Over the years, advancements in technology have created fundamental changes in consumer shopping and spending habits. The rises of e-commerce and mobile payment solutions have forced retailers to rethink how they target and engage consumers.
In one of my most recent articles, I noted that popular retailers like Nike (NYSE:NKE) and Starbucks (NASDAQ:SBUX) had not just noticed these major consumer trends, but had aggressively positioned their businesses to capitalize on them. Recently, another popular retailer, ANN (UNKNOWN:ANN.DL), announced a major proposed change in its business model which should help the company grow better in the evolving retail landscape.
ANN's new strategy
On March 14, ANN released a statement which detailed a strategic realignment of the company's businesses. President and Chief Executive Officer of ANN Kay Krill explained in the statement, "Retailing has undergone a sea change over the last few years, driven by the continued rapid shift of consumers' purchasing behavior and the growth of omni-channel shopping."

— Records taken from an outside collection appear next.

lemma Rf_conj_gipow_h: "g \<in> Rf \<Longrightarrow> fps_inv g oo gipow h r oo g = fps_inv (gipow h r)"
proof -
  assume g: "g \<in> Rf"
  have "fps_inv g oo gipow h r oo g = gipow (gipow h (-1)) r"
    using gipow_conj[OF Rf_germG[OF g] h_in_G, of r] Rf_conj_h[OF g] h_in_G by (simp add: gipow_neg)
  also have "\<dots> = gipow h (- r)" using gipow_mult[OF h_in_G, of "-1" r] by simp
  also have "\<dots> = fps_inv (gipow h r)" using h_in_G by (simp add: gipow_neg)
  finally show ?thesis .
qed

lemma Tf_iff: "t \<in> Tf \<longleftrightarrow> t \<in> Cf \<and> (\<exists>n>0. gnpow t n = fps_X)"
  by (simp add: torsion_def)

lemma Tf_Cf: "t \<in> Tf \<Longrightarrow> t \<in> Cf"
  by (simp add: Tf_iff)

lemma fps_X_in_Tf: "fps_X \<in> Tf"
  using fps_X_in_Cf by (auto simp: Tf_iff intro: exI[of _ 1])

lemma Tf_gipow: "t \<in> Tf \<Longrightarrow> gipow t k \<in> Tf"
proof -
  assume t: "t \<in> Tf"
  then obtain n where n: "n > 0" "gnpow t n = fps_X" unfolding Tf_iff by blast
  have tG: "t \<in> germG" using t by (simp add: Tf_iff Cf_germG)
  have "gnpow (gipow t k) n = gipow (gipow t (int n)) k"
    using tG by (simp flip: gipow_int gipow_mult add: mult.commute)
  hence "gnpow (gipow t k) n = fps_X" using n by simp
  thus ?thesis using t n(1) by (auto simp: Tf_iff Cf_gipow)
qed

lemma mult_inj_on_Tf: "inj_on mult Tf"
proof
  fix x y assume x: "x \<in> Tf" and y: "y \<in> Tf" and xy: "mult x = mult y"
  have xG: "x \<in> germG" and yG: "y \<in> germG" using x y by (simp_all add: Tf_iff Cf_germG)
  have "fps_inv y oo x \<in> Cf" using x y by (intro Cf_compose Cf_fps_inv Tf_Cf)
  moreover have "mult (fps_inv y oo x) = 1" using xy xG mult_nonzero[OF yG] by (simp add: mult_compose mult_fps_inv)
  ultimately obtain k where k: "fps_inv y oo x = gipow h k" using Cf_mult_1_eq_gipow_h by blast
  have "x = y oo (fps_inv y oo x)" using xG yG by simp
  hence xk: "x = y oo gipow h k" by (simp only: k)
  obtain m where m: "m > 0" "gnpow x m = fps_X" using x unfolding Tf_iff by blast
  obtain n where n: "n > 0" "gnpow y n = fps_X" using y unfolding Tf_iff by blast
  have comm: "y oo gipow h k = gipow h k oo y"
    using gipow_commute[OF yG h_in_G h_central[OF Tf_Cf[OF y], symmetric]] by (rule sym)
  have "fps_X = gipow x (int (m * n))" using m xG by (simp add: gipow_mult)
  also have "\<dots> = gipow y (int (n * m)) oo gipow (gipow h k) (int (m * n))"
    using xk gipow_compose_distrib[OF yG germG_gipow[OF h_in_G] comm] by (simp add: mult.commute)
  also have "\<dots> = gipow h (k * int (m * n))" using n yG h_in_G by (simp add: gipow_mult)
  finally have "gipow h (k * int (m * n)) = fps_X" by (rule sym)
  hence "k * int (m * n) = 0" by (simp only: gipow_h_eq_fps_X_iff)
  hence "k = 0" using m n by simp
  thus "x = y" using xk yG by simp
qed

lemma Rf_commute_Tf: "g \<in> Rf \<Longrightarrow> t \<in> Tf \<Longrightarrow> g oo t = t oo g"
proof -
  assume g: "g \<in> Rf" and t: "t \<in> Tf"
  have gG: "g \<in> germG" and tG: "t \<in> germG" using g t by (simp_all add: Rf_germG Tf_iff Cf_germG)
  define z where "z = fps_inv g oo t oo g"
  obtain n where n: "n > 0" "gnpow t n = fps_X" using t unfolding Tf_iff by blast
  have "gnpow z n = fps_X" using gipow_conj[OF gG tG, of "int n"] n gG by (simp add: z_def)
  hence "z \<in> Tf" using Rf_conj_Cf[OF g Tf_Cf[OF t]] n(1) by (auto simp: Tf_iff z_def)
  moreover have "mult z = mult t"
    using gG tG mult_nonzero[OF gG] by (simp add: z_def mult_compose mult_fps_inv)
  ultimately have "z = t" using mult_inj_on_Tf t by (auto dest: inj_onD)
  hence "t oo g = g oo t" unfolding z_def by (rule conj_eq_iff_commute[OF gG tG, THEN iffD1])
  thus ?thesis by (rule sym)
qed

lemma Rf_square_in_Cf: "g \<in> Rf \<Longrightarrow> g oo g \<in> Cf"
proof -
  assume g: "g \<in> Rf"
  hence gG: "g \<in> germG" by (rule Rf_germG)
  have "fps_inv (g oo g) oo f oo (g oo g) = fps_inv g oo (fps_inv g oo f oo g) oo g"
    using gG f_in_G by (simp add: fps_inv_compose)
  also have "\<dots> = fps_inv g oo fps_inv f oo g" by (simp only: Rf_conj_f[OF g])
  also have "\<dots> = fps_inv (fps_inv g oo f oo g)" using gG f_in_G by (simp add: fps_inv_compose)
  also have "\<dots> = f" using Rf_conj_f[OF g] f_in_G by simp
  finally have "f oo (g oo g) = g oo g oo f"
    by (rule conj_eq_iff_commute[OF germG_compose[OF gG gG] f_in_G, THEN iffD1])
  thus ?thesis using gG by (simp add: Cf_iff)
qed

lemma Rf_not_in_Cf: "g \<in> Rf \<Longrightarrow> g \<notin> Cf"
proof
  assume g: "g \<in> Rf" and "g \<in> Cf"
  hence "fps_inv f = f" using Cf_conj_f Rf_conj_f by metis
  hence "f oo f = fps_X" using fps_compose_fps_inv_self[OF f_in_G] by simp
  hence "gipow f 2 = fps_X" using gipow_add[OF f_in_G, of 1 1] f_in_G by simp
  thus False using gipow_f_eq_fps_X_iff by simp
qed

definition Mf :: "complex set" where "Mf = mult ` Cf"

definition qf :: nat where "qf = card Mf"

lemma qf_dvd_p: "qf dvd p" and Mf_eq: "Mf = {z. z ^ qf = 1}"
proof -
  have "1 \<in> Mf" using fps_X_in_Cf by (force simp: Mf_def)
  moreover have "x * y \<in> Mf" if xy: "x \<in> Mf" "y \<in> Mf" for x y
  proof -
    obtain u v where "u \<in> Cf" "v \<in> Cf" "x = mult u" "y = mult v" using xy unfolding Mf_def by blast
    thus ?thesis unfolding Mf_def by (intro image_eqI[of _ _ "u oo v"]) (simp_all add: mult_compose Cf_germG Cf_compose)
  qed
  moreover have "x ^ p = 1" if "x \<in> Mf" for x using that mult_power_p_Cf by (auto simp: Mf_def)
  ultimately show "qf dvd p" "Mf = {z. z ^ qf = 1}"
    unfolding qf_def using subgroup_of_roots_of_unity[OF p_pos, of Mf] by blast+
qed

lemma qf_pos: "0 < qf"
  using qf_dvd_p p_pos by (cases qf) auto

lemma mult_power_qf_Cf: "x \<in> Cf \<Longrightarrow> mult x ^ qf = 1"
  using Mf_eq by (auto simp: Mf_def)

lemma prim_root_in_Mf: "prim_root qf \<in> Mf"
  using Mf_eq prim_root_power_eq_1_iff[OF qf_pos] by simp

lemma Cf1_iff: "x \<in> centraliser f germG1 \<longleftrightarrow> x \<in> Cf \<and> mult x = 1"
  by (auto simp: centraliser_def germG1_def mult_def)

lemma gcoset_Cf1: "x \<in> Cf \<Longrightarrow> gcoset x (centraliser f germG1) = {y \<in> Cf. mult y = mult x}"
proof safe
  fix y assume x: "x \<in> Cf" and "y \<in> gcoset x (centraliser f germG1)"
  then obtain k where "k \<in> centraliser f germG1" "y = x oo k" unfolding gcoset_def by blast
  hence k: "k \<in> Cf" "mult k = 1" "y = x oo k" by (simp_all add: Cf1_iff)
  show "y \<in> Cf" using k x by (simp add: Cf_compose)
  show "mult y = mult x" using k by (simp add: mult_compose Cf_germG)
next
  fix y assume x: "x \<in> Cf" and y: "y \<in> Cf" "mult y = mult x"
  have xG: "x \<in> germG" and yG: "y \<in> germG" using x y(1) by (simp_all add: Cf_germG)
  have "mult (fps_inv x oo y) = 1" using y(2) yG mult_nonzero[OF xG] by (simp add: mult_compose mult_fps_inv)
  hence "fps_inv x oo y \<in> centraliser f germG1"
    using Cf_compose[OF Cf_fps_inv[OF x] y(1)] by (simp add: Cf1_iff)
  moreover have "y = x oo (fps_inv x oo y)" using xG yG by simp
  ultimately show "y \<in> gcoset x (centraliser f germG1)" unfolding gcoset_def by blast
qed

lemma index_Cf1: "gindex Cf (centraliser f germG1) = qf"
proof -
  have "{gcoset g (centraliser f germG1) | g. g \<in> Cf} = (\<lambda>z. {y \<in> Cf. mult y = z}) ` Mf"
    using gcoset_Cf1 by (auto simp: Mf_def)
  moreover have "inj_on (\<lambda>z. {y \<in> Cf. mult y = z}) Mf"
    by (auto simp: inj_on_def Mf_def)
  ultimately show ?thesis unfolding gindex_def qf_def by (simp add: card_image)
qed

lemma Rf_mult_square:
  "g \<in> Rf \<Longrightarrow> odd (p div qf) \<and> (\<exists>a. odd a \<and> mult (g oo g) = prim_root qf ^ a)"
proof -
  assume g: "g \<in> Rf"
  have "mult (g oo g) = mult g ^ 2" using Rf_germG[OF g] by (simp add: mult_compose power2_eq_square)
  moreover have "(mult g ^ 2) ^ qf = 1"
    using mult_power_qf_Cf[OF Rf_square_in_Cf[OF g]] calculation by simp
  ultimately show ?thesis
    using square_of_root_of_minus_one[OF qf_pos qf_dvd_p mult_power_p_Rf[OF g]] by simp
qed

lemma p_div_qf_odd: "odd (p div qf)"
  using f_reversible Rf_mult_square by (auto simp: reversible_def)

lemma gipow_compose_gipow_h:
  assumes x: "x \<in> Cf"
  shows "gipow (x oo gipow h j) k = gipow x k oo gipow h (j * k)"
proof -
  have xG: "x \<in> germG" using x by (rule Cf_germG)
  have "x oo gipow h j = gipow h j oo x"
    using gipow_commute[OF xG h_in_G h_central[OF x, symmetric]] by (rule sym)
  thus ?thesis using gipow_compose_distrib[OF xG germG_gipow[OF h_in_G]] gipow_mult[OF h_in_G, of j k]
    by simp
qed

lemma Cf_eq_compose_gipow_h:
  assumes "x \<in> Cf" "y \<in> Cf" "mult x = mult y"
  obtains b where "y = x oo gipow h b"
proof -
  have xG: "x \<in> germG" and yG: "y \<in> germG" using assms by (simp_all add: Cf_germG)
  have "mult (fps_inv x oo y) = 1" using assms(3) yG mult_nonzero[OF xG] by (simp add: mult_compose mult_fps_inv)
  then obtain b where b: "fps_inv x oo y = gipow h b"
    using Cf_mult_1_eq_gipow_h Cf_compose[OF Cf_fps_inv[OF assms(1)] assms(2)] by blast
  have "y = x oo (fps_inv x oo y)" using xG yG by simp
  hence "y = x oo gipow h b" by (simp only: b)
  thus ?thesis by (rule that)
qed

lemma Rf_conj_compose_gipow_h:
  assumes "g \<in> Rf" "x \<in> germG"
  shows "fps_inv g oo (x oo gipow h b) oo g = (fps_inv g oo x oo g) oo gipow h (- b)"
  using conj_compose[OF Rf_germG[OF assms(1)] assms(2) germG_gipow[OF h_in_G]]
    Rf_conj_gipow_h[OF assms(1)] h_in_G by (simp add: gipow_neg)

lemma Rf_square_eq_compose_gipow_h:
  assumes g: "g \<in> Rf" and x: "x \<in> Cf" "mult x = mult (g oo g)"
  obtains b where "g oo g = x oo gipow h b" and "fps_inv g oo x oo g = x oo gipow h (2 * b)"
proof -
  have gG: "g \<in> germG" and xG: "x \<in> germG" using g x by (simp_all add: Rf_germG Cf_germG)
  obtain b where b: "g oo g = x oo gipow h b"
    using Cf_eq_compose_gipow_h[OF x(1) Rf_square_in_Cf[OF g] x(2)] by blast
  have "x oo gipow h b = fps_inv g oo (x oo gipow h b) oo g" using gG by (simp flip: b)
  also have "\<dots> = (fps_inv g oo x oo g) oo gipow h (- b)" by (rule Rf_conj_compose_gipow_h[OF g xG])
  finally have "(fps_inv g oo x oo g) oo gipow h (- b) oo gipow h b = x oo gipow h b oo gipow h b"
    by simp
  moreover have "gipow h (2 * b) = gipow h b oo gipow h b" using gipow_add[OF h_in_G, of b b] by simp
  ultimately have "fps_inv g oo x oo g = x oo gipow h (2 * b)"
    using gG xG h_in_G by (simp add: gipow_neg)
  thus ?thesis using b that by simp
qed

lemma exists_prim_torsion: "\<exists>t \<in> Tf. mult t = prim_root qf"
proof -
  obtain g where g: "g \<in> Rf" using f_reversible by (auto simp: reversible_def)
  obtain c where c: "c \<in> Cf" "mult c = prim_root qf" using prim_root_in_Mf by (auto simp: Mf_def)
  have cG: "c \<in> germG" using c by (simp add: Cf_germG)
  have "mult (gipow c (int qf)) = 1"
    using c mult_gipow[OF cG, of "int qf"] prim_root_power_eq_1_iff[OF qf_pos, of qf] by simp
  then obtain k where k: "gipow c (int qf) = gipow h k" using Cf_mult_1_eq_gipow_h Cf_gipow[OF c(1)] by blast
  obtain a where a: "odd a" "mult (g oo g) = prim_root qf ^ a" using Rf_mult_square[OF g] by blast
  have "mult (gipow c (int a)) = mult (g oo g)" using a c mult_gipow[OF cG, of "int a"] by simp
  then obtain b where b: "fps_inv g oo gipow c (int a) oo g = gipow c (int a) oo gipow h (2 * b)"
    using Rf_square_eq_compose_gipow_h[OF g Cf_gipow[OF c(1)]] by blast
  have gG: "g \<in> germG" using g by (rule Rf_germG)
  have "mult c = mult (fps_inv g oo c oo g)"
    using gG cG mult_nonzero[OF gG] by (simp add: mult_compose mult_fps_inv)
  then obtain j where j: "fps_inv g oo c oo g = c oo gipow h j"
    using Cf_eq_compose_gipow_h[OF c(1) Rf_conj_Cf[OF g c(1)]] by blast
  have conj_c: "fps_inv g oo gipow c m oo g = gipow c m oo gipow h (j * m)" for m
    using gipow_conj[OF gG cG, of m] gipow_compose_gipow_h[OF c(1)] j by simp
  \<comment> \<open>conjugating \<open>c ^ a\<close> and \<open>c ^ q\<close> by the reverser yields two constraints on the shift \<open>j\<close>\<close>
  have "gipow h (j * int a) = gipow h (2 * b)"
    using conj_c[of "int a"] b cG h_in_G by simp
  hence "j * int a = 2 * b" by (simp only: gipow_h_eq_iff)
  hence "even (j * int a)" by simp
  hence "even j" using a(1) by simp
  then obtain i where i: "j = 2 * i" by blast
  have "gipow h (- k) = gipow h (k + j * int qf)"
    using conj_c[of "int qf"] Rf_conj_gipow_h[OF g, of k] k h_in_G by (simp add: gipow_neg gipow_add)
  hence ki: "k = - i * int qf" using i by (simp add: gipow_h_eq_iff)
  define t where "t = c oo gipow h i"
  have "gnpow t qf = fps_X"
    using gipow_compose_gipow_h[OF c(1), of i "int qf"] k ki h_in_G by (simp add: t_def gipow_add[symmetric])
  hence "t \<in> Tf" using qf_pos Cf_compose[OF c(1) Cf_gipow[OF h_in_Cf]] by (auto simp: Tf_iff t_def)
  moreover have "mult t = prim_root qf" using c h_in_G by (simp add: t_def mult_compose mult_gipow mult_h)
  ultimately show ?thesis by blast
qed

Krill went on to explain, "Today, we are taking the next critical step, by realigning our organization to support an integrated stores/e-commerce structure to accelerate our strategic growth agenda and overall financial performance in 2014 and beyond."
Also, the company announced the promotion of Gary Muto to president of ANN Brands, which means that he has been placed in charge of the design, merchandising, and marketing for the company's premiere Ann Taylor and Loft brands.
The heart of the strategy consists of a complete realignment of all of ANN's businesses, with an objective of better integrating the physical stores with the company's growing e-commerce platform. Better-integrated business segments should allow the company to operate faster and more efficiently. However, the strategy of creating a more streamlined process also entails eliminating approximately 100 positions at ANN, which equals about 10% of the company's corporate workforce.
ANN has three goals; to deliver high-quality fashion products, enhance brand strength and awareness, and increase customer service.
CEO Krill concluded, ""The strategic realignment we are announcing today builds on our ongoing initiatives to expand our omni-channel capabilities, enhance the productivity of our store fleet, grow our international presence, and develop new categories of growth, including the launch of the Lou & Grey brand, while also furthering our objective to maximize the profitable growth of ANN INC."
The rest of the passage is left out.